Fix: GroupKeyDistribute admin forgery + cap concurrent port scanners

Two pre-release fixes found during audit. 1) GroupKeyDistribute admin forgery (critical) `group_key_distribution::try_apply_distribution_post` trusted the `admin` field inside the decrypted payload without verifying it matched the post's author. Exploit: any peer who learns a victim's posting NodeId (public — appears as a recipient on any DM/group post) and observes a target group_id in the wild could craft an encrypted distribution post claiming to be from the legitimate admin. The victim's storage uses INSERT OR REPLACE on group_keys, so a successful forgery would overwrite the victim's legitimate group key record and stored seed, breaking future rotations / key distributions from the real admin. Fix: reject the distribution post when `content.admin != post.author`. Added test `forged_admin_is_rejected` that seeds a legitimate record, attempts a forgery, and asserts the legitimate record is untouched. 2) Cap concurrent port-scan hole punches at 1 (bandwidth) `hole_punch_with_scanning` fires ~100 QUIC ClientHellos/sec for up to SCAN_MAX_DURATION_SECS (300s), ~1 Mbps per active scanner. With no cap, the growth loop / anchor referrals / replication paths could spawn several scanners at once and drive sustained multi-Mbps upload — particularly pathological on obfuscated VPNs where every probe stalls at a proxy timeout, explaining the reported 10 Mbps sustained upload after anchor connect. Fix: module-level `tokio::sync::Semaphore(1)` guarding entry to the scanning loop. Second-and-beyond callers fall back to the cheaper `hole_punch_parallel` (standard punching, no 100/sec port walk) instead of spawning another scanner. Permit is held for the scanner lifetime and released on return. Added unit test `scanner_semaphore_caps_concurrent_scans_at_one`. Both changes leave the successful-call path untouched (single scanner still runs; legitimate key distributions still apply). 120 / 120 core tests pass.

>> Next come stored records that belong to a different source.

(* Let $n\ge2$ and let $\mathbf{Z}^*$, $\mathbf{m}$, $\mathbf{S}$, $\mathbf{D}$ be as in the context. Then the partial maxima BLUE of $\theta_2$ has the form \[ L_2=\frac{\mathbf{m}'\mathbf{S}^{-1}\mathbf{Z}^*}{\mathbf{m}'\mathbf{S}^{-1}\mathbf{m}},\qquad\text{with}\qquad \operatorname{Var}[L_2]=\frac{\theta_2^2}{\mathbf{m}'\mathbf{S}^{-1}\mathbf{m}}, \] and the partial maxima BLIE of $\theta_2$ has the form \[ T_2=\mathbf{m}'\mathbf{D}^{-1}\mathbf{Z}^*,\qquad\text{with}\qquad \mathrm{MSE}[T_2]=(1-\mathbf{m}'\mathbf{D}^{-1}\mathbf{m})\theta_2^2. \]
   Context: $F$ is a known, parameter-free, non-degenerate distribution function on $\mathbb{R}$ with finite variance. For unknown $\theta_1\in\mathbb{R}$, $\theta_2>0$, $X_1^*,\dots,X_n^*$ are i.i.d. with distribution function $F((x-\theta_1)/\theta_2)$ and $X^*_{j:j}=\max\{X_1^*,\dots,X_j^*\}$; $X_1,\dots,X_n$ are i.i.d. from $F$ and $X_{j:j}=\max\{X_1,\dots,X_j\}$. Partial maxima spacings: $Z_i^*=X^*_{i+1:i+1}-X^*_{i:i}$, $Z_i=X_{i+1:i+1}-X_{i:i}$, $i=1,\dots,n-1$; $\mathbf{Z}^*=(Z_1^*,\dots,Z^*_{n-1})'$, $\mathbf{Z}=(Z_1,\dots,Z_{n-1})'$, $\mathbf{m}=\mathbb{E}[\mathbf{Z}]$, $\mathbf{S}$ the covariance matrix of $\mathbf{Z}$, $\mathbf{D}=\mathbb{E}[\mathbf{Z}\mathbf{Z}']$ (both positive definite). Linear estimators are $\sum_i c_iX^*_{i:i}$ with constant $c_i$. The BLUE of $\theta_2$ is the linear estimator unbiased for $\theta_2$ for all $(\theta_1,\theta_2)$ with minimum variance. A linear statistic $L=\mathbf{c}'\mathbf{X}^*$ is invariant for $\theta_2$ if $L(b\mathbf{X}^*+a\mathbf{1})=bL(\mathbf{X}^* )$ for all $a\in\mathbb{R}$, $b>0$; the BLIE of $\theta_2$ minimizes $\mathbb{E}[L-\theta_2]^2$ among such statistics. *)

theory Defs
  imports "HOL-Probability.Probability" "Jordan_Normal_Form.Gauss_Jordan_Elimination"
begin

definition pmax :: "nat \<Rightarrow> (nat \<Rightarrow> real) \<Rightarrow> real" where
  "pmax j x = Max (x ` {1..j})"

text \<open>Law of the sample X*_1..X*_n: i.i.d. with distribution function F((x-a)/b),
  where M is the law with distribution function F.\<close>
definition sample_law :: "nat \<Rightarrow> real measure \<Rightarrow> real \<Rightarrow> real \<Rightarrow> (nat \<Rightarrow> real) measure" where
  "sample_law n M a b = PiM {1..n} (\<lambda>_. distr M borel (\<lambda>x. a + b * x))"

definition Ex :: "nat \<Rightarrow> real measure \<Rightarrow> real \<Rightarrow> real \<Rightarrow> ((nat \<Rightarrow> real) \<Rightarrow> real) \<Rightarrow> real" where
  "Ex n M a b g = integral\<^sup>L (sample_law n M a b) g"

definition Var :: "nat \<Rightarrow> real measure \<Rightarrow> real \<Rightarrow> real \<Rightarrow> ((nat \<Rightarrow> real) \<Rightarrow> real) \<Rightarrow> real" where
  "Var n M a b g = Ex n M a b (\<lambda>\<omega>. (g \<omega> - Ex n M a b g)\<^sup>2)"

definition MSE2 :: "nat \<Rightarrow> real measure \<Rightarrow> real \<Rightarrow> real \<Rightarrow> ((nat \<Rightarrow> real) \<Rightarrow> real) \<Rightarrow> real" where
  "MSE2 n M a b g = Ex n M a b (\<lambda>\<omega>. (g \<omega> - b)\<^sup>2)"

definition linform :: "nat \<Rightarrow> (nat \<Rightarrow> real) \<Rightarrow> (nat \<Rightarrow> real) \<Rightarrow> real" where
  "linform n c y = (\<Sum>j\<in>{1..n}. c j * y j)"

definition linest :: "nat \<Rightarrow> (nat \<Rightarrow> real) \<Rightarrow> (nat \<Rightarrow> real) \<Rightarrow> real" where
  "linest n c \<omega> = linform n c (\<lambda>j. pmax j \<omega>)"

definition unbiased2 :: "nat \<Rightarrow> real measure \<Rightarrow> (nat \<Rightarrow> real) \<Rightarrow> bool" where
  "unbiased2 n M c \<longleftrightarrow> (\<forall>a b. b > 0 \<longrightarrow> Ex n M a b (linest n c) = b)"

2026-04-22 23:32:10 -04:00 · 2026-04-22 23:32:10 -04:00 · dfd3253734
commit dfd3253734
parent f88618bb6f
2 changed files with 127 additions and 0 deletions
--- a/crates/core/src/connection.rs
+++ b/crates/core/src/connection.rs
@ -155,6 +155,20 @@ const SCAN_PUNCH_INTERVAL_SECS: u64 = 2;
 /// Maximum scan duration (seconds) — accept the cost for otherwise-impossible connections
 const SCAN_MAX_DURATION_SECS: u64 = 300; // 5 minutes
 /// Global cap on concurrent port-scan hole punches. Each scanner fires
 /// ~100 QUIC ClientHellos/sec for up to `SCAN_MAX_DURATION_SECS`, which
 /// is ~1 Mbps per active scanner. Without a cap, multiple parallel
 /// referrals (growth loop, anchor referrals, replication) can spawn
 /// several scanners at once and drive sustained multi-Mbps upload —
 /// especially pathological on obfuscated VPNs where every probe stalls
 /// at proxy timeouts. A permit is acquired before the scanning loop
 /// starts and held until the scanner returns; extra callers fall back
 /// to the cheaper `hole_punch_parallel`.

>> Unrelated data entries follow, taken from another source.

(* Let $A\in\mathbb{R}^{m\times N}$ and $K,S\subset[N]$. Suppose $\mathbb{1}_K$ is the unique solution of $$\min\|x\|_1\ \text{subject to}\ Ax=b,\ x\in[0,1]^N \qquad (P_{\mathrm{bin}})$$ with $b=A\mathbb{1}_K$, and $\mathbb{1}_S$ is the unique solution of $(P_{\mathrm{bin}})$ with $b=A\mathbb{1}_S$. Then $\ker(A)\cap H_K\cap H_{S^c}=\{0\}$.
   Context: $[N]=\{1,\dots,N\}$; $\mathbb{1}_K\in\{0,1\}^N$ denotes the indicator vector of $K$, and $S^c=[N]\setminus S$. For $K\subset[N]$, $H_K=\{w\in\mathbb{R}^N: w_i\le 0 \text{ for } i\in K,\ w_i\ge 0 \text{ for } i\notin K\}$. *)

theory Defs
  imports "HOL-Analysis.Analysis"
begin

text \<open>Index set [N] is the finite type 'n; the matrix A has rows indexed by 'm.\<close>

definition ind_vec :: "'n::finite set \<Rightarrow> real ^ 'n" where
  "ind_vec K = (\<chi> i. if i \<in> K then 1 else 0)"

definition l1norm :: "real ^ 'n::finite \<Rightarrow> real" where
  "l1norm x = (\<Sum>i\<in>UNIV. \<bar>x $ i\<bar>)"

definition feasible_bin :: "real ^ 'n::finite ^ 'm::finite \<Rightarrow> real ^ 'm \<Rightarrow> real ^ 'n \<Rightarrow> bool" where
  "feasible_bin A b x \<longleftrightarrow> A *v x = b \<and> (\<forall>i. 0 \<le> x $ i \<and> x $ i \<le> 1)"

definition unique_sol_bin :: "real ^ 'n::finite ^ 'm::finite \<Rightarrow> real ^ 'm \<Rightarrow> real ^ 'n \<Rightarrow> bool" where
  "unique_sol_bin A b x \<longleftrightarrow> feasible_bin A b x \<and>
     (\<forall>y. feasible_bin A b y \<and> y \<noteq> x \<longrightarrow> l1norm x < l1norm y)"

definition kernel_mat :: "real ^ 'n::finite ^ 'm::finite \<Rightarrow> (real ^ 'n) set" where
  "kernel_mat A = {w. A *v w = 0}"

definition H_set :: "'n::finite set \<Rightarrow> (real ^ 'n) set" where
  "H_set K = {w. (\<forall>i\<in>K. w $ i \<le> 0) \<and> (\<forall>i. i \<notin> K \<longrightarrow> w $ i \<ge> 0)}"

end

theory Submission
  imports Defs
begin

text \<open>If a nonzero w in the kernel lay in both cones, then for small t > 0 the points
  ind_vec K + t w and ind_vec S - t w would both be feasible competitors; since the
  l1-norm is linear on the unit cube, uniqueness of the two solutions forces both the
  coordinate sum of t w and that of -t w to be positive, which is absurd.\<close>

lemma l1norm_nonneg_coords:
  assumes "\<And>i. 0 \<le> x $ i"
  shows "l1norm x = (\<Sum>i\<in>UNIV. x $ i)"
  unfolding l1norm_def using assms by simp

lemma unique_sol_bin_kernel_sum_pos:
  fixes A :: "real ^ 'n::finite ^ 'm::finite"
  assumes sol: "unique_sol_bin A (A *v c) c"
    and ker: "A *v d = 0" and "d \<noteq> 0"
    and box: "\<And>i. 0 \<le> (c + d) $ i \<and> (c + d) $ i \<le> 1"
  shows "(\<Sum>i\<in>UNIV. d $ i) > 0"
proof -
  have "feasible_bin A (A *v c) (c + d)"
    unfolding feasible_bin_def using ker box by (simp add: matrix_vector_right_distrib)
  with sol \<open>d \<noteq> 0\<close> have "l1norm c < l1norm (c + d)"
    unfolding unique_sol_bin_def by simp
  moreover have "\<And>i. 0 \<le> c $ i"
    using sol unfolding unique_sol_bin_def feasible_bin_def by blast
  ultimately show ?thesis
    using box by (simp add: l1norm_nonneg_coords sum.distrib)
qed

lemma H_set_Compl: "w \<in> H_set (- S) \<longleftrightarrow> - w \<in> H_set S"
  unfolding H_set_def by auto

lemma ind_vec_add_H_set_in_unit_box:
  assumes "w \<in> H_set K" and "\<And>i. \<bar>w $ i\<bar> \<le> 1"
  shows "0 \<le> (ind_vec K + w) $ i \<and> (ind_vec K + w) $ i \<le> 1"
  using assms(1) assms(2)[of i] unfolding H_set_def ind_vec_def
  by (cases "i \<in> K") auto

lemma exists_scale_into_unit_box:
  fixes w :: "real ^ 'n::finite"
  obtains t where "t > 0" and "\<And>i. \<bar>(t *\<^sub>R w) $ i\<bar> \<le> 1"
proof -
  define t where "t = 1 / (1 + l1norm w)"
  have norm_nonneg: "0 \<le> l1norm w"
    unfolding l1norm_def by (simp add: sum_nonneg)
  have "\<bar>(t *\<^sub>R w) $ i\<bar> \<le> 1" for i
  proof -
    have "\<bar>w $ i\<bar> \<le> l1norm w"
      unfolding l1norm_def by (rule member_le_sum) auto
    then have "\<bar>w $ i\<bar> / (1 + l1norm w) \<le> 1"
      using norm_nonneg by simp
    then show ?thesis
      using norm_nonneg by (simp add: t_def abs_mult)
  qed
  moreover have "t > 0"
    using norm_nonneg by (simp add: t_def)
  ultimately show thesis
    using that by blast
qed

lemma unique_ind_vec_kernel_H_set_sum_pos:
  fixes A :: "real ^ 'n::finite ^ 'm::finite"
  assumes "unique_sol_bin A (A *v ind_vec K) (ind_vec K)"
    and "A *v w = 0" and "w \<in> H_set K" and "w \<noteq> 0"
  shows "(\<Sum>i\<in>UNIV. w $ i) > 0"
proof -
  obtain t where "t > 0" and small: "\<And>i. \<bar>(t *\<^sub>R w) $ i\<bar> \<le> 1"
    using exists_scale_into_unit_box[of w] by blast
  have "t *\<^sub>R w \<in> H_set K"
    using \<open>w \<in> H_set K\<close> \<open>t > 0\<close> unfolding H_set_def
    by (auto simp: mult_nonneg_nonpos)
  then have box: "0 \<le> (ind_vec K + t *\<^sub>R w) $ i \<and> (ind_vec K + t *\<^sub>R w) $ i \<le> 1" for i
    using small by (rule ind_vec_add_H_set_in_unit_box)
  have "A *v (t *\<^sub>R w) = 0" "t *\<^sub>R w \<noteq> 0"
    using assms(2,4) \<open>t > 0\<close> by (simp_all add: matrix_vector_mult_scaleR)
  then have "(\<Sum>i\<in>UNIV. (t *\<^sub>R w) $ i) > 0"
    using box by (rule unique_sol_bin_kernel_sum_pos[OF assms(1)])
  with \<open>t > 0\<close> show ?thesis
    by (simp add: sum_distrib_left[symmetric] zero_less_mult_iff)
qed

lemma matrix_vector_mult_minus:
  fixes A :: "'a::ring_1 ^ 'n::finite ^ 'm::finite"
  shows "A *v (- x) = - (A *v x)"
  using matrix_vector_mult_diff_distrib[of A 0 x] by simp

theorem theorem2p2:
  fixes A :: "real ^ 'n::finite ^ 'm::finite" and K S :: "'n set"
  assumes "unique_sol_bin A (A *v ind_vec K) (ind_vec K)"
    and "unique_sol_bin A (A *v ind_vec S) (ind_vec S)"
  shows "kernel_mat A \<inter> H_set K \<inter> H_set (- S) = {0}"
proof -
  have "w = 0" if "A *v w = 0" "w \<in> H_set K" "w \<in> H_set (- S)" for w
  proof (rule ccontr)
    assume "w \<noteq> 0"
    have "(\<Sum>i\<in>UNIV. w $ i) > 0"
      using assms(1) that(1,2) \<open>w \<noteq> 0\<close> by (rule unique_ind_vec_kernel_H_set_sum_pos)
    moreover have "(\<Sum>i\<in>UNIV. (- w) $ i) > 0"
      using assms(2) that \<open>w \<noteq> 0\<close>
      by (intro unique_ind_vec_kernel_H_set_sum_pos)
         (auto simp: H_set_Compl matrix_vector_mult_minus)
    ultimately show False
      by (simp add: sum_negf)
  qed
  then show ?thesis
    unfolding kernel_mat_def H_set_def by auto
qed

end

 fn scanner_semaphore() -> &'static tokio::sync::Semaphore {
    static SEM: std::sync::OnceLock<tokio::sync::Semaphore> = std::sync::OnceLock::new();
    SEM.get_or_init(|| tokio::sync::Semaphore::new(1))
 }
 /// Advanced hole punch with port scanning fallback for EDM/port-restricted NAT.
 ///
 /// **Role-based behavior** (each side calls this independently):
@ -188,6 +202,21 @@ pub(crate) async fn hole_punch_with_scanning(
        return hole_punch_parallel(endpoint, target, addresses).await;
    }
    // v0.6.2: cap to one concurrent port scanner per node. Additional
    // callers fall back to the cheaper `hole_punch_parallel` instead of
    // spawning another 100-probes-per-second scanner. The permit is held
    // for the lifetime of the scanner loop below (dropped on return).
    let _scan_permit = match scanner_semaphore().try_acquire() {
        Ok(p) => p,
        Err(_) => {
            tracing::debug!(
                peer = hex::encode(target),
                "another port scan already in progress — falling back to parallel punch"
            );
            return hole_punch_parallel(endpoint, target, addresses).await;
        }
    };
    // Filter to reachable families, then use observed address (first in list, injected by relay)

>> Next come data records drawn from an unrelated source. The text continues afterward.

lemma abs_expectation_prod_mpoly_eval_le:
  fixes p :: "'v \<Rightarrow> real pmf" and c :: "'a \<Rightarrow> 'v set \<Rightarrow> real"
  assumes I: "finite I" and Q: "finite Q"
    and fin: "\<And>i. i \<in> I \<Longrightarrow> finite (set_pmf (p i))"
    and bounded: "\<And>i y. i \<in> I \<Longrightarrow> y \<in> set_pmf (p i) \<Longrightarrow> \<bar>y\<bar> \<le> M"
    and centered: "\<And>i. i \<in> I \<Longrightarrow> measure_pmf.expectation (p i) (\<lambda>y. y) = 0"
    and M: "M \<ge> 1" and K: "K \<ge> 2 ^ (card Q + 1) * M ^ card Q"
  shows "\<bar>measure_pmf.expectation (Pi_pmf I dflt p) (\<lambda>x. \<Prod>t\<in>Q. mpoly_eval_on I (c t) x)\<bar>
           \<le> (\<Prod>t\<in>Q. sqrt (weighted_coeff_sqnorm K I (c t)))"
  using I fin bounded centered
proof (induction I arbitrary: c rule: finite_induct)
  case empty
  then show ?case
    by (simp add: mpoly_eval_on_def weighted_coeff_sqnorm_def abs_prod)
next
  case (insert j J c)
  have K1: "K \<ge> 1" using one_le_of_two_pow_mult_pow_le[OF M K] .
  let ?c' = "\<lambda>T t. if t \<in> T then (\<lambda>S. c t (insert j S)) else c t"
  let ?m = "\<lambda>T. measure_pmf.expectation (p j) (\<lambda>y. y ^ card T)"
  let ?e = "\<lambda>T. measure_pmf.expectation (Pi_pmf J dflt p) (\<lambda>x. \<Prod>t\<in>Q. mpoly_eval_on J (?c' T t) x)"
  define \<alpha> where "\<alpha> t = sqrt (weighted_coeff_sqnorm K J (\<lambda>S. c t (insert j S)))" for t
  define \<beta> where "\<beta> t = sqrt (weighted_coeff_sqnorm K J (c t))" for t
  have term_le: "\<bar>?m T * ?e T\<bar> \<le> moment_majorant M (card T) * (prod \<alpha> T * prod \<beta> (Q - T))"
    if T: "T \<in> Pow Q" for T
  proof -
    have "\<bar>?m T\<bar> \<le> moment_majorant M (card T)"
      using insert.prems by (intro abs_moment_le_moment_majorant) auto
    moreover have "\<bar>?e T\<bar> \<le> (\<Prod>t\<in>Q. sqrt (weighted_coeff_sqnorm K J (?c' T t)))"
      using insert.prems by (intro insert.IH) auto
    moreover have "(\<Prod>t\<in>Q. sqrt (weighted_coeff_sqnorm K J (?c' T t)))
        = (\<Prod>t\<in>Q. if t \<in> T then \<alpha> t else \<beta> t)"
      by (intro prod.cong) (auto simp: \<alpha>_def \<beta>_def)
    moreover have "\<dots> = prod \<alpha> T * prod \<beta> (Q - T)"
      using T by (intro prod_if_mem[OF Q]) auto
    ultimately show ?thesis
      unfolding abs_mult by (intro mult_mono) auto
  qed
  have "\<bar>measure_pmf.expectation (Pi_pmf (insert j J) dflt p)
          (\<lambda>x. \<Prod>t\<in>Q. mpoly_eval_on (insert j J) (c t) x)\<bar> = \<bar>\<Sum>T\<in>Pow Q. ?m T * ?e T\<bar>"
    by (simp only: expectation_prod_mpoly_eval_insert[OF insert.hyps Q insert.prems(1)])
  also have "\<dots> \<le> (\<Sum>T\<in>Pow Q. moment_majorant M (card T) * (prod \<alpha> T * prod \<beta> (Q - T)))"
    using term_le by (intro order.trans[OF sum_abs] sum_mono) auto
  also have "\<dots> \<le> (\<Prod>t\<in>Q. sqrt (K * (\<alpha> t)\<^sup>2 + (\<beta> t)\<^sup>2))"
    using K1 by (intro sum_Pow_moment_majorant_le_prod_sqrt[OF Q _ _ M K])
      (simp_all add: \<alpha>_def \<beta>_def weighted_coeff_sqnorm_nonneg)
  also have "\<dots> = (\<Prod>t\<in>Q. sqrt (weighted_coeff_sqnorm K (insert j J) (c t)))"
    using K1 insert.hyps
    by (simp add: \<alpha>_def \<beta>_def weighted_coeff_sqnorm_nonneg weighted_coeff_sqnorm_insert)
  finally show ?case .
qed

lemma mpoly_eval_on_diff:
  "mpoly_eval_on I (\<lambda>S. f S - g S) x = mpoly_eval_on I f x - mpoly_eval_on I g x"
  unfolding mpoly_eval_on_def by (simp add: left_diff_distrib sum_subtractf)

lemma prod_lessThan_if_split:
  fixes a b c :: "'a :: comm_monoid_mult"
  assumes "j < i"
  shows "(\<Prod>t<i. if t < j then a else if t = j then b else c) = a ^ j * b * c ^ (i - 1 - j)"
proof -
  have "(\<Prod>t<i. if t < j then a else if t = j then b else c)
      = (\<Prod>t\<in>{..<i} \<inter> {t. t < j}. a) * (\<Prod>t\<in>{..<i} \<inter> - {t. t < j}. if t = j then b else c)"
    by (rule prod.If_cases) simp
  also have "{..<i} \<inter> {t. t < j} = {..<j}" using assms by auto
  also have "{..<i} \<inter> - {t. t < j} = {j..<i}" by auto
  also have "(\<Prod>t\<in>{j..<i}. if t = j then b else c) = b * (\<Prod>t\<in>{Suc j..<i}. c)"
    using assms by (simp add: prod.atLeast_Suc_lessThan)
  finally show ?thesis by (simp add: mult.assoc)
qed

lemma power_diff_eq_sum_telescope:
  fixes u v :: "'a :: comm_ring_1"
  shows "u ^ n - v ^ n = (\<Sum>j<n. u ^ j * (u - v) * v ^ (n - 1 - j))"
  by (simp add: power_diff_sumr2 sum_distrib_left mult_ac)

lemma abs_expectation_power_diff_le:
  fixes p :: "'v \<Rightarrow> real pmf" and f g :: "'v set \<Rightarrow> real"
  assumes I: "finite I"
    and fin: "\<And>i. i \<in> I \<Longrightarrow> finite (set_pmf (p i))"
    and bounded: "\<And>i y. i \<in> I \<Longrightarrow> y \<in> set_pmf (p i) \<Longrightarrow> \<bar>y\<bar> \<le> M"
    and centered: "\<And>i. i \<in> I \<Longrightarrow> measure_pmf.expectation (p i) (\<lambda>y. y) = 0"
    and M: "M \<ge> 1" and K: "K \<ge> 2 ^ (n + 1) * M ^ n"
    and f: "sqrt (weighted_coeff_sqnorm K I f) \<le> B" and g: "sqrt (weighted_coeff_sqnorm K I g) \<le> B"
  shows "\<bar>measure_pmf.expectation (Pi_pmf I dflt p) (\<lambda>x. (mpoly_eval_on I f x) ^ n)
          - measure_pmf.expectation (Pi_pmf I dflt p) (\<lambda>x. (mpoly_eval_on I g x) ^ n)\<bar>
         \<le> n * B ^ (n - 1) * sqrt (weighted_coeff_sqnorm K I (\<lambda>S. f S - g S))"
proof -
  let ?P = "Pi_pmf I dflt p" and ?D = "\<lambda>S. f S - g S"
  let ?ev = "\<lambda>h. mpoly_eval_on I h" and ?nrm = "\<lambda>h. sqrt (weighted_coeff_sqnorm K I h)"
  \<comment> \<open>\<open>c j\<close> lists the \<open>n\<close> factors of the telescoping term \<open>f ^ j * (f - g) * g ^ (n - 1 - j)\<close>.\<close>
  define c where "c j t = (if t < j then f else if t = j then ?D else g)" for j t :: nat
  have K1: "K \<ge> 1" using one_le_of_two_pow_mult_pow_le[OF M K] .
  have nrm_nonneg: "?nrm h \<ge> 0" for h
    using K1 by (simp add: weighted_coeff_sqnorm_nonneg)
  have B: "B \<ge> 0" using f nrm_nonneg[of f] by linarith
  have integrable: "integrable (measure_pmf ?P) h" for h :: "('v \<Rightarrow> real) \<Rightarrow> real"
    using I fin by (intro integrable_measure_pmf_finite finite_set_Pi_pmf)
  have prod_c: "(\<Prod>t<n. F (c j t)) = F f ^ j * F ?D * F g ^ (n - 1 - j)" if "j < n"
    for j and F :: "('v set \<Rightarrow> real) \<Rightarrow> real"
  proof -
    have "(\<Prod>t<n. F (c j t)) = (\<Prod>t<n. if t < j then F f else if t = j then F ?D else F g)"
      by (intro prod.cong) (simp_all add: c_def)
    then show ?thesis using prod_lessThan_if_split[OF that] by simp
  qed
  have telescope: "(?ev f x) ^ n - (?ev g x) ^ n = (\<Sum>j<n. \<Prod>t<n. ?ev (c j t) x)" for x
    unfolding power_diff_eq_sum_telescope
    by (intro sum.cong refl) (simp add: prod_c[where F = "\<lambda>h. ?ev h x"] mpoly_eval_on_diff)
  have term_le: "\<bar>measure_pmf.expectation ?P (\<lambda>x. \<Prod>t<n. ?ev (c j t) x)\<bar> \<le> B ^ (n - 1) * ?nrm ?D"
    if "j < n" for j
  proof -
    have "\<bar>measure_pmf.expectation ?P (\<lambda>x. \<Prod>t<n. ?ev (c j t) x)\<bar> \<le> (\<Prod>t<n. ?nrm (c j t))"
      using K by (intro abs_expectation_prod_mpoly_eval_le[OF I _ fin bounded centered M]) auto
    also have "\<dots> = ?nrm f ^ j * ?nrm ?D * ?nrm g ^ (n - 1 - j)"
      by (rule prod_c[OF that])
    also have "\<dots> \<le> B ^ j * ?nrm ?D * B ^ (n - 1 - j)"
      using f g nrm_nonneg B by (intro mult_mono power_mono) auto
    also have "\<dots> = B ^ (n - 1) * ?nrm ?D"
      using that by (simp add: power_add[symmetric] mult_ac)
    finally show ?thesis .
  qed
  have "measure_pmf.expectation ?P (\<lambda>x. (?ev f x) ^ n) - measure_pmf.expectation ?P (\<lambda>x. (?ev g x) ^ n)
      = (\<Sum>j<n. measure_pmf.expectation ?P (\<lambda>x. \<Prod>t<n. ?ev (c j t) x))"
    by (simp add: telescope integrable flip: Bochner_Integration.integral_diff)
  also have "\<bar>\<dots>\<bar> \<le> (\<Sum>j<n. B ^ (n - 1) * ?nrm ?D)"
    using term_le by (intro order.trans[OF sum_abs] sum_mono) auto
  also have "\<dots> = n * B ^ (n - 1) * ?nrm ?D"
    by simp
  finally show ?thesis .
qed

lemma mpoly_eval_eq_mpoly_eval_on: "mpoly_eval n c = mpoly_eval_on {..<n} c"
  by (simp add: fun_eq_iff mpoly_eval_def mpoly_eval_on_def)

lemma is_mlpoly_mono: "n \<le> N \<Longrightarrow> is_mlpoly n d c \<Longrightarrow> is_mlpoly N d c"
  unfolding is_mlpoly_def by (meson lessThan_subset_iff order_trans)

lemma is_mlpoly_diff: "is_mlpoly n d f \<Longrightarrow> is_mlpoly n d g \<Longrightarrow> is_mlpoly n d (\<lambda>S. f S - g S)"
  unfolding is_mlpoly_def by (metis diff_self)

lemma poly_dist_extend:
  assumes "n \<le> N" "is_mlpoly n d c"
  shows "poly_dist X n c = poly_dist X N c"
proof -
  have sub: "{..<n} \<subseteq> {..<N}" using assms(1) by auto
  have "mpoly_eval n c (\<lambda>i. if i \<in> {..<n} then x i else 0) = mpoly_eval N c x" for x
  proof -
    have "mpoly_eval n c (\<lambda>i. if i \<in> {..<n} then x i else 0) = (\<Sum>S\<in>Pow {..<n}. c S * prod x S)"
      unfolding mpoly_eval_def by (intro sum.cong refl arg_cong2[where f = "(*)"] prod.cong) auto
    also have "\<dots> = mpoly_eval N c x"
      unfolding mpoly_eval_def using assms(2) sub
      by (intro sum.mono_neutral_left) (auto simp: is_mlpoly_def)
    finally show ?thesis .
  qed
  then show ?thesis
    unfolding poly_dist_def Pi_pmf_subset[OF finite_lessThan sub] map_pmf_comp by simp
qed

lemma expectation_power_poly_dist:
  "measure_pmf.expectation (poly_dist X n c) (\<lambda>y. y ^ i)
     = measure_pmf.expectation (Pi_pmf {..<n} 0 (\<lambda>_. X)) (\<lambda>x. (mpoly_eval_on {..<n} c x) ^ i)"
  by (simp add: poly_dist_def mpoly_eval_eq_mpoly_eval_on)

lemma sqrt_weighted_coeff_sqnorm_le:
  assumes "is_mlpoly n d c" "K \<ge> 1"
  shows "sqrt (weighted_coeff_sqnorm K {..<n} c) \<le> sqrt (K ^ d) * coeff_norm n c"
proof -
  have "K ^ card S * (c S)\<^sup>2 \<le> K ^ d * (c S)\<^sup>2" if "S \<in> Pow {..<n}" for S
  proof (cases "c S = 0")
    case False
    then have "card S \<le> d" using assms(1) by (simp add: is_mlpoly_def)
    then show ?thesis using assms(2) by (intro mult_right_mono power_increasing) auto
  qed simp
  then have "weighted_coeff_sqnorm K {..<n} c \<le> K ^ d * (\<Sum>S\<in>Pow {..<n}. (c S)\<^sup>2)"
    unfolding weighted_coeff_sqnorm_def sum_distrib_left by (rule sum_mono)
  then show ?thesis
    unfolding coeff_norm_def by (metis real_sqrt_le_mono real_sqrt_mult)
qed

lemma coeff_norm_nonneg: "coeff_norm n c \<ge> 0"
  by (simp add: coeff_norm_def sum_nonneg)

lemma coeff_norm_le_add_coeff_norm_diff:
  "coeff_norm n g \<le> coeff_norm n f + coeff_norm n (\<lambda>S. f S - g S)"
proof -
  have "coeff_norm n g = L2_set (\<lambda>S. f S + - (f S - g S)) (Pow {..<n})"
    by (simp add: coeff_norm_def L2_set_def)
  also have "\<dots> \<le> L2_set f (Pow {..<n}) + L2_set (\<lambda>S. - (f S - g S)) (Pow {..<n})"
    by (rule L2_set_triangle_ineq)
  also have "\<dots> = coeff_norm n f + coeff_norm n (\<lambda>S. f S - g S)"
    by (simp add: coeff_norm_def L2_set_def power2_commute)
  finally show ?thesis .
qed

lemma Mom_le:
  assumes "\<And>i. i \<in> {1..k} \<Longrightarrow>
    \<bar>measure_pmf.expectation Y (\<lambda>y. y ^ i) - measure_pmf.expectation Z (\<lambda>z. z ^ i)\<bar> \<le> B"
  shows "Mom k Y Z \<le> sqrt k * B"
proof -
  have "Mom k Y Z \<le> sqrt (\<Sum>i=1..k. B\<^sup>2)"
    unfolding Mom_def using assms
    by (intro real_sqrt_le_mono sum_mono) (metis abs_ge_zero power2_abs power_mono)
  also have "\<dots> = sqrt k * \<bar>B\<bar>"
    by (simp add: real_sqrt_mult)
  finally show ?thesis
    using assms[of 1] by (cases "k = 0") (auto simp: Mom_def)
qed

lemma of_nat_mult_power_mono:
  fixes L :: real
  assumes "1 \<le> L" "i \<le> k"
  shows "i * L ^ i \<le> k * L ^ k"
  using assms by (intro mult_mono power_increasing) auto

    let reachable = filter_reachable_families(endpoint, addresses);
    let observed_addr = reachable.first()
@ -8379,3 +8408,21 @@ fn now_ms() -> u64 {
        .unwrap_or_default()
        .as_millis() as u64
 }
 #[cfg(test)]
 mod tests {
    use super::scanner_semaphore;
    #[test]
    fn scanner_semaphore_caps_concurrent_scans_at_one() {
        let sem = scanner_semaphore();
        // Fresh — one permit should be available.
        let p1 = sem.try_acquire().expect("first scan should acquire");
        // Second concurrent caller must be rejected.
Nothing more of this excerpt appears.